事件を担当する刑事も必死に捜査はしているが結果が出なく、被害者の家族からは煽りをくらうし、上司は非協力的だし…と、色々と刑事に同情するんだが、特に刑事が白人家族の家で事情聴取している時、刑事は冷静に家族から話を聞きだしているように見えるんだが、家族側から見ると「淡々としてるのね、ちゃんと調べてるの?」みたいな感じに見えちゃうところが面白かったです。警察の捜査にしびれを切らしたヒュー・ジャックマンは、自ら容疑者を拉致・監禁するという大胆な行動を取り、黒人の父親に「娘の為に協力してくれ!」と殺し文句を言い、半ば強制的に拷問の手伝いをさせたりと、二つの家族が負の連鎖でどん底に落ちていく流れがイイですね。途中黒人の母親に拉致している事がばれてますます、二家族の関係性がますます悪くなるあたりの絶望感、後戻りが出来ない感が凄く出ていて良かったです。ただ白人の母親はその辺の話に関わってなくて、誘拐されたショックでほとんど寝てばっかなんですよ。娘がいなくなった母親の苦悩が感じられない。たまにひょっこり目を覚ましては「娘を見たわ!」と一応母親としての存在感を見せてはいるんですが、あれだけじゃ正直薄いですね。
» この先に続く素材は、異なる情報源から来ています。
(* Let $G$ be a group, $H$ a subgroup, $A$ a complex vector space, and let $g,g_1,\dots,g_n:G\to A$ and $f_1,\dots,f_n:G\to\mathbb C$ be functions such that $\chi_H(xy)g(y)=\sum_{i=1}^n f_i(x)g_i(y)$ for all $x,y\in G$. Then there is a finite set $F\subseteq G$ such that $g(y)=0$ for all $y\notin FH$.
   Context: $\chi_H$ is the characteristic function of $H$. *)

theory Defs
  imports Complex_Main "HOL-Library.Indicator_Function" "HOL-Algebra.Coset"
begin

end

theory Submission
  imports Defs "HOL-Algebra.Left_Coset"
begin

(* If y_0, ..., y_n lie in distinct left cosets of H and g does not vanish at any
   of them, then the n + 1 vectors (f_i(y_k^-1))_i in C^n are linearly dependent, say
   sum_k c_k f_i(y_k^-1) = 0 for all i with c_j \<noteq> 0. Putting x = y_k^-1, y = y_j in the
   hypothesis and summing with the weights c_k, the left side collapses to c_j g(y_j) because
   y_k^-1 y_j \<in> H only for k = j, while the right side vanishes. So the support of g meets at
   most n left cosets. *)

lemma homogeneous_system_nontrivial_solution:
  fixes a :: "'k \<Rightarrow> 'i \<Rightarrow> 'f :: field"
  assumes "finite I" "finite K" "card I < card K"
  shows "\<exists>c. (\<exists>k\<in>K. c k \<noteq> 0) \<and> (\<forall>i\<in>I. (\<Sum>k\<in>K. c k * a k i) = 0)"
  using assms
proof (induction I arbitrary: K a rule: finite_induct)
  case empty
  then show ?case by (intro exI[of _ "\<lambda>_. 1"]) (auto simp: card_gt_0_iff)
next
  case (insert i I)
  have card_I: "card I < card K" and card_I': "card I < card K - 1"
    using insert by auto
  show ?case
  proof (cases "\<forall>k\<in>K. a k i = 0")
    case True
    then show ?thesis using insert.IH[OF \<open>finite K\<close> card_I, of a] by auto
  next
    case False
    then obtain p where p: "p \<in> K" "a p i \<noteq> 0" by blast
    define K' where "K' = K - {p}"
    \<comment> \<open>Eliminate equation i with the pivot p; a solution of the reduced system on K - {p}
      extends to K by choosing c p so that equation i holds.\<close>
    define b where "b k j = a k j - a k i / a p i * a p j" for k j
    obtain c' where c': "\<exists>k\<in>K'. c' k \<noteq> 0" "\<forall>j\<in>I. (\<Sum>k\<in>K'. c' k * b k j) = 0"
      using insert.IH[of K' b] insert.prems card_I' p by (auto simp: K'_def)
    define c where "c = c'(p := - (\<Sum>k\<in>K'. c' k * a k i) / a p i)"
    have K: "K = insert p K'" "p \<notin> K'" "finite K'"
      using p insert.prems by (auto simp: K'_def)
    have eliminated: "(\<Sum>k\<in>K. c k * a k j) = (\<Sum>k\<in>K'. c' k * b k j)" for j
    proof -
      have "(\<Sum>k\<in>K'. c k * a k j) = (\<Sum>k\<in>K'. c' k * a k j)"
        using K(2) by (intro sum.cong) (auto simp: c_def)
      then show ?thesis
        using K p(2)
        by (simp add: c_def b_def algebra_simps sum_subtractf sum_distrib_left
            sum_distrib_right flip: sum_divide_distrib)
    qed
    have "b k i = 0" for k
      using p(2) by (simp add: b_def)
    then have "\<forall>j\<in>insert i I. (\<Sum>k\<in>K. c k * a k j) = 0"
      using c'(2) by (simp add: eliminated)
    moreover have "\<exists>k\<in>K. c k \<noteq> 0"
      using c'(1) K by (auto simp: c_def)
    ultimately show ?thesis by blast
  qed
qed

lemma finite_image_if_inj_on_subsets_card_bounded:
  assumes "\<And>K. K \<subseteq> S \<Longrightarrow> finite K \<Longrightarrow> inj_on f K \<Longrightarrow> card K \<le> n"
  shows "finite (f ` S)"
proof (rule ccontr)
  assume "infinite (f ` S)"
  then obtain T where T: "T \<subseteq> f ` S" "finite T" "card T = Suc n"
    using infinite_arbitrarily_large by blast
  let ?K = "inv_into S f ` T"
  have "inj_on f ?K"
  proof (rule inj_onI)
    fix x y assume "x \<in> ?K" "y \<in> ?K" "f x = f y"
    then show "x = y"
      using T(1) by (auto simp: f_inv_into_f subset_iff)
  qed
  moreover have "card ?K = Suc n"
    using T by (simp add: card_image inj_on_inv_into)
  moreover have "?K \<subseteq> S"
    using T(1) by (auto intro: inv_into_into)
  ultimately show False
    using assms[of ?K] T(2) by simp
qed

lemma (in group) l_coset_eqI:
  assumes "subgroup H G" "x \<in> carrier G" "y \<in> carrier G" "inv x \<otimes> y \<in> H"
  shows "x <# H = y <# H"
  using assms subgroup.lcos_module_rev[OF assms(1) is_group] l_repr_independence by blast

lemma (in group) finite_l_coset_representatives:
  assumes "subgroup H G" "S \<subseteq> carrier G" "finite ((\<lambda>y. y <# H) ` S)"
  shows "\<exists>F. finite F \<and> F \<subseteq> S \<and> S \<subseteq> F <#> H"
proof (intro exI conjI)
  let ?rep = "inv_into S (\<lambda>y. y <# H)"
  show "finite (?rep ` (\<lambda>y. y <# H) ` S)" "?rep ` (\<lambda>y. y <# H) ` S \<subseteq> S"
    using assms(3) by (auto simp: inv_into_into)
  show "S \<subseteq> ?rep ` (\<lambda>y. y <# H) ` S <#> H"
  proof
    fix y assume y: "y \<in> S"
    then have "y \<in> ?rep (y <# H) <# H"
      using assms(1,2) lcos_self f_inv_into_f[of "y <# H" "\<lambda>y. y <# H" S] by auto
    also have "\<dots> = {?rep (y <# H)} <#> H"
      by (rule l_coset_eq_set_mult)
    also have "\<dots> \<subseteq> ?rep ` (\<lambda>y. y <# H) ` S <#> H"
      using y by (intro mono_set_mult) auto
    finally show "y \<in> ?rep ` (\<lambda>y. y <# H) ` S <#> H" .
  qed
qed

lemma (in group) card_support_in_distinct_l_cosets_le:
  fixes scale :: "complex \<Rightarrow> 'v :: ab_group_add \<Rightarrow> 'v"
    and fs :: "'i \<Rightarrow> 'a \<Rightarrow> complex"
  assumes "vector_space scale" and H: "subgroup H G"
    and expansion: "\<forall>x\<in>carrier G. \<forall>y\<in>carrier G.
           scale (indicator H (x \<otimes> y)) (g y) = (\<Sum>i\<in>I. scale (fs i x) (gs i y))"
    and "finite I" "finite K" and K_carrier: "K \<subseteq> carrier G"
    and nonzero: "\<forall>k\<in>K. g k \<noteq> 0"
    and distinct_cosets: "inj_on (\<lambda>y. y <# H) K"
  shows "card K \<le> card I"
proof (rule ccontr)
  interpret V: vector_space scale by fact
  assume "\<not> card K \<le> card I"
  then obtain c where c: "\<exists>k\<in>K. c k \<noteq> 0" "\<forall>i\<in>I. (\<Sum>k\<in>K. c k * fs i (inv k)) = 0"
    using homogeneous_system_nontrivial_solution[of I K "\<lambda>k i. fs i (inv k)"] assms(4,5)
    by auto
  then obtain j where j: "j \<in> K" "c j \<noteq> 0" by blast
  have collapse: "scale (indicator H (inv k \<otimes> j)) (g j) = (if k = j then g j else 0)"
    if "k \<in> K" for k
  proof -
    have "inv k \<otimes> j \<in> H \<longleftrightarrow> k = j"
    proof
      assume "inv k \<otimes> j \<in> H"
      then have "k <# H = j <# H"
        using l_coset_eqI H K_carrier that j(1) by blast
      then show "k = j"
        using inj_onD[OF distinct_cosets] that j(1) by blast
    next
      assume "k = j"
      then show "inv k \<otimes> j \<in> H"
        using K_carrier j(1) subgroup.one_closed[OF H] by auto
    qed
    then show ?thesis by (simp add: indicator_def)
  qed
  have "scale (c j) (g j) = (\<Sum>k\<in>K. if k = j then scale (c j) (g j) else 0)"
    using assms(5) j(1) by simp
  also have "\<dots> = (\<Sum>k\<in>K. scale (c k) (scale (indicator H (inv k \<otimes> j)) (g j)))"
    using collapse by (intro sum.cong) auto
  also have "\<dots> = (\<Sum>k\<in>K. scale (c k) (\<Sum>i\<in>I. scale (fs i (inv k)) (gs i j)))"
    using expansion subsetD[OF K_carrier] j(1) by (intro sum.cong) auto
  also have "\<dots> = (\<Sum>k\<in>K. \<Sum>i\<in>I. scale (c k * fs i (inv k)) (gs i j))"
    by (simp add: V.scale_sum_right)
  also have "\<dots> = (\<Sum>i\<in>I. scale (\<Sum>k\<in>K. c k * fs i (inv k)) (gs i j))"
    by (subst sum.swap) (simp add: V.scale_sum_left)
  also have "\<dots> = 0"
    using c(2) by simp
  finally show False
    using j nonzero by simp
qed

theorem lemma1p6:
  fixes G :: "('g, 'b) monoid_scheme"
    and H :: "'g set"
    and scale :: "complex \<Rightarrow> 'a :: ab_group_add \<Rightarrow> 'a"
    and g :: "'g \<Rightarrow> 'a"
    and gs :: "nat \<Rightarrow> 'g \<Rightarrow> 'a"
    and fs :: "nat \<Rightarrow> 'g \<Rightarrow> complex"
    and n :: nat
  assumes "vector_space scale"
    and "group G"
    and "subgroup H G"
    and "\<forall>x\<in>carrier G. \<forall>y\<in>carrier G.
           scale (indicator H (x \<otimes>\<^bsub>G\<^esub> y)) (g y)
           = (\<Sum>i\<in>{1..n}. scale (fs i x) (gs i y))"
  shows "\<exists>F. finite F \<and> F \<subseteq> carrier G \<and>
           (\<forall>y\<in>carrier G. y \<notin> F <#>\<^bsub>G\<^esub> H \<longrightarrow> g y = 0)"
proof -
  define S where "S = {y \<in> carrier G. g y \<noteq> 0}"
  have "S \<subseteq> carrier G"
    by (simp add: S_def)
  moreover have "finite ((\<lambda>y. y <#\<^bsub>G\<^esub> H) ` S)"
  proof (rule finite_image_if_inj_on_subsets_card_bounded)
    fix K assume "K \<subseteq> S" "finite K" "inj_on (\<lambda>y. y <#\<^bsub>G\<^esub> H) K"
    then show "card K \<le> n"
      using group.card_support_in_distinct_l_cosets_le[OF assms(2,1,3,4)]
      by (simp add: S_def subset_iff)
  qed
  ultimately have "\<exists>F. finite F \<and> F \<subseteq> S \<and> S \<subseteq> F <#>\<^bsub>G\<^esub> H"
    by (rule group.finite_l_coset_representatives[OF assms(2,3)])
  then obtain F where F: "finite F" "F \<subseteq> S" "S \<subseteq> F <#>\<^bsub>G\<^esub> H"
    by blast
  show ?thesis
  proof (intro exI conjI ballI impI)
    show "finite F" "F \<subseteq> carrier G"
      using F(1,2) by (auto simp: S_def)
    show "g y = 0" if "y \<in> carrier G" "y \<notin> F <#>\<^bsub>G\<^esub> H" for y
      using that F(3) by (auto simp: S_def)
  qed
qed

end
あと犯人はあいつかよー?って分かったときは「無理あるだろー!」と不満を感じましたが、それでもこの映画は面白かったと思います。シャラマン的と言うか「面白いことやってるな」と感じる監督さんでした。個人的にラストの犯人に不満を持っていたので、エンディングの笛のシーンは「ちょっと格好良すぎ。」と少々鼻につきましたが、監督のデニ・ヴィルヌーヴは1作目の灼熱の魂からくらべるとだいぶ成長しているように見えます。ただちょっと綺麗すぎですかね。娘も五体満足に帰ってきて良かったんですが、助かった娘から伝わる恐怖感とかは感じなかったです。あと一番の被害者は「フルボッコ」にされたあいつですかね。マジで可哀想でした。